THE LEARNING CURVE

​A MAGAZINE DEVOTED TO GAINING SKILLS AND KNOWLEDGE

THE LEARNING AGENCY LAB’S LEARNING CURVE COVERS THE FIELD OF EDUCATION AND THE SCIENCE OF LEARNING. READ ABOUT METACOGNITIVE THINKING OR DISCOVER HOW TO LEARN BETTER THROUGH OUR ARTICLES, MANY OF WHICH HAVE INSIGHTS FROM EXPERTS WHO STUDY LEARNING. 

Learning Technology for Deeper Learning

Learn how learning technologies can facilitate deeper forms of learning.

Learn how learning technologies can facilitate deeper forms of learning.

Learning technology has proven itself indispensable in many ways during COVID-19 school closures. It’s been far from perfect, of course, but platforms like Google Classroom and Canvas allowed teachers to communicate with their students, and assign and grade work. 

Meanwhile, math homework platforms from ASSISTments and Carnegie Learning helped many students learn and make progress at home; CommonLit helped students progress in ELA with reading passages, quizzes, and other resources; and TalkingPoints kept non-native English speaking families informed about their students’ education. The discipline of learning engineering, which involves leveraging learning technology to study learning and iteratively improve learning platforms, has contributed to many of these successes. 

But, during the pandemic, the technology has only gone so far in recreating a rich educational experience, even in classes where teachers have made good decisions about which technologies to adopt. Many teachers, students, and parents have been frustrated because complex skills — like critical thinking, collaboration, and deeper forms of written and oral communication — have been hard to teach during COVID. Clearly, learning technology is mostly not yet suited to facilitate this kind of instruction. 

But is this limitation simply inherent, or can learning technology rise to the challenge? We’d argue that there is a lot of potential for learning technologies that facilitate these deeper forms of learning. Natural language processing and machine learning, in particular, have made whole new kinds of instruction, assignments, and assessment possible.

The Importance of “Soft Skills”

Let’s back up and talk a bit about why these skills are so important and the challenges to teaching them. Skills like critical thinking and the ability to work collaboratively are prized by employers. Three out of four employers surveyed said these soft skills were lacking in their applicants. These skills are absolutely crucial in a rapidly changing technological and economic environment, where young people will be expected to reason through complicated problems, work in teams, and adapt quickly to changing circumstances. 
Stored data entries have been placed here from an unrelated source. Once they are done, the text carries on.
(* Every classical knot $K$ can be represented on a virtual row mosaic (a $1\times n$ virtual rectangular mosaic for some $n$) whose closure surface has genus zero.
   Context: Mosaic tiles are the eleven standard unit-square tiles $T_0,\dots,T_{10}$ ($T_0$ blank; $T_1,\dots,T_8$ non-crossing tiles with one or two arcs; $T_9,T_{10}$ the two crossing tiles, each containing a horizontal and a vertical strand crossing at the center). A virtual rectangular mosaic is an $m\times n$ array of tiles together with a pairing (with orientation) of the $2(m+n)$ boundary unit edges such that the quotient is a closed orientable surface $\Sigma_D$ carrying a knot diagram $D$; its genus is the genus of $\Sigma_D$ (for $m\times n$ with $v_D$ vertex classes after identification, $g(D)=(1-v_D+m+n)/2$). A genus zero mosaic thus gives a diagram on the sphere, i.e. a classical knot diagram. A row mosaic is a $1\times n$ virtual rectangular mosaic. *)

theory Defs
  imports Main
begin

datatype side = N | E | S | W

text \<open>T0 blank; T1..T4 single corner arcs;
  T5 horizontal, T6 vertical straight strand; T7, T8 double-arc tiles;
  T9, T10 crossing tiles (T9: horizontal strand over, T10: vertical strand over).\<close>
datatype tile = T0 | T1 | T2 | T3 | T4 | T5 | T6 | T7 | T8 | T9 | T10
But there’s good evidence that the educational system is simply not up to the task. Studies suggest that even college graduates leave school without the deeper thinking and writing skills that we’d hope to see. And, at the K-12 level, teachers routinely cite curricular requirements and testing regimes as obstacles to spending needed time on deeper thinking. 

The Role of Learning Technology

Many would argue that learning technology and innovations are part of the problem here, and there is some reason for thinking that. Studies of learning technology tend to focus on short-term learning outcomes, since these are easier to measure. Learning engineering that focuses on rapid improvement risks focusing only on improvements that are easy to measure and where students can show improvement quickly. That’s not necessarily a bad thing, of course — at least in moderation. There’s a lot of good that can come from easy-to-measure improvements. But it’s a problem if it becomes a single-minded focus. Not enough attention is paid to studying long-term effects, for one thing. Furthermore, policymakers and edtech developers must be sure not to neglect the harder-to-measure, often deeper learning that employers — and society as a whole — rightly prize.
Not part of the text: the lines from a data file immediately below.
lemma valuation_one_plus_inverse_fact_ge: "1 \<le> v (1 + 1 / fact (p - 1))"
proof -
  have "p dvd fact (p - 1) + 1"
    using wilson_theorem[OF prime]
    by (metis cong_iff_dvd_diff diff_minus_eq_add int_dvd_int_iff of_nat_1 of_nat_add of_nat_fact)
  then have "1 \<le> v (of_nat (fact (p - 1) + 1) :: 'a)"
    by (rule valuation_of_nat_dvd)
  also have "\<dots> = v (of_nat (fact (p - 1) + 1) * (1 / fact (p - 1)) :: 'a)"
    using valuation_inverse_fact[of "p - 1"] p_gt_1
    by (simp only: valuation_mult) simp
  also have "of_nat (fact (p - 1) + 1) * (1 / fact (p - 1)) = (1 + 1 / fact (p - 1) :: 'a)"
    by (simp add: field_simps)
  finally show ?thesis .
qed

lemma integral_poly_truncated_exp: "integral_poly (truncated_exp p)"
  unfolding integral_poly_def coeff_truncated_exp using valuation_inverse_fact by simp

abbreviation c :: "nat \<Rightarrow> 'a" where
  "c n \<equiv> coeff (truncated_exp p ^ p) n"

abbreviation h :: "nat \<Rightarrow> 'a" where
  "h n \<equiv> coeff (monom (1 / fact (p - 1)) (p - 1) * truncated_exp p ^ (p - 1)) n"

lemma c_Suc: "of_nat (Suc n) * c (Suc n) = of_nat p * (c n - h n)"
proof -
  define M :: "'a poly" where "M = monom (1 / fact (p - 1)) (p - 1)"
  let ?T = "truncated_exp p :: 'a poly"
  have Suc_p: "Suc (p - 1) = p"
    using p_gt_1 by simp
  have "pderiv ?T = ?T - M"
    using pderiv_truncated_exp_Suc[of "p - 1"] truncated_exp_Suc[of "p - 1"]
    unfolding M_def Suc_p by (metis add_diff_cancel_right')
  moreover have "pderiv (?T ^ p) = smult (of_nat p) (?T ^ (p - 1)) * pderiv ?T"
    using pderiv_power_Suc[of ?T "p - 1"] unfolding Suc_p .
  moreover have "?T ^ p = ?T ^ (p - 1) * ?T"
    using power_Suc2[of ?T "p - 1"] unfolding Suc_p .
  ultimately have "pderiv (?T ^ p) = smult (of_nat p) (?T ^ p - M * ?T ^ (p - 1))"
    by (simp add: left_diff_distrib right_diff_distrib mult.commute)
  then show ?thesis
    unfolding M_def by (metis coeff_pderiv coeff_smult coeff_diff)
qed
But learning technology and learning engineering do not need to be barriers here: far from it. Technological advancements in data collection and analytics have made it possible to develop new tools to both measure these hard-to-measure skills and to help students better develop them. Among these technologies are intelligent tutors, game-based assessments and simulations, natural language processing, and machine learning.

Learning engineering that focuses on rapid improvement risks focusing only on improvements that are easy to measure and where students can show improvement quickly.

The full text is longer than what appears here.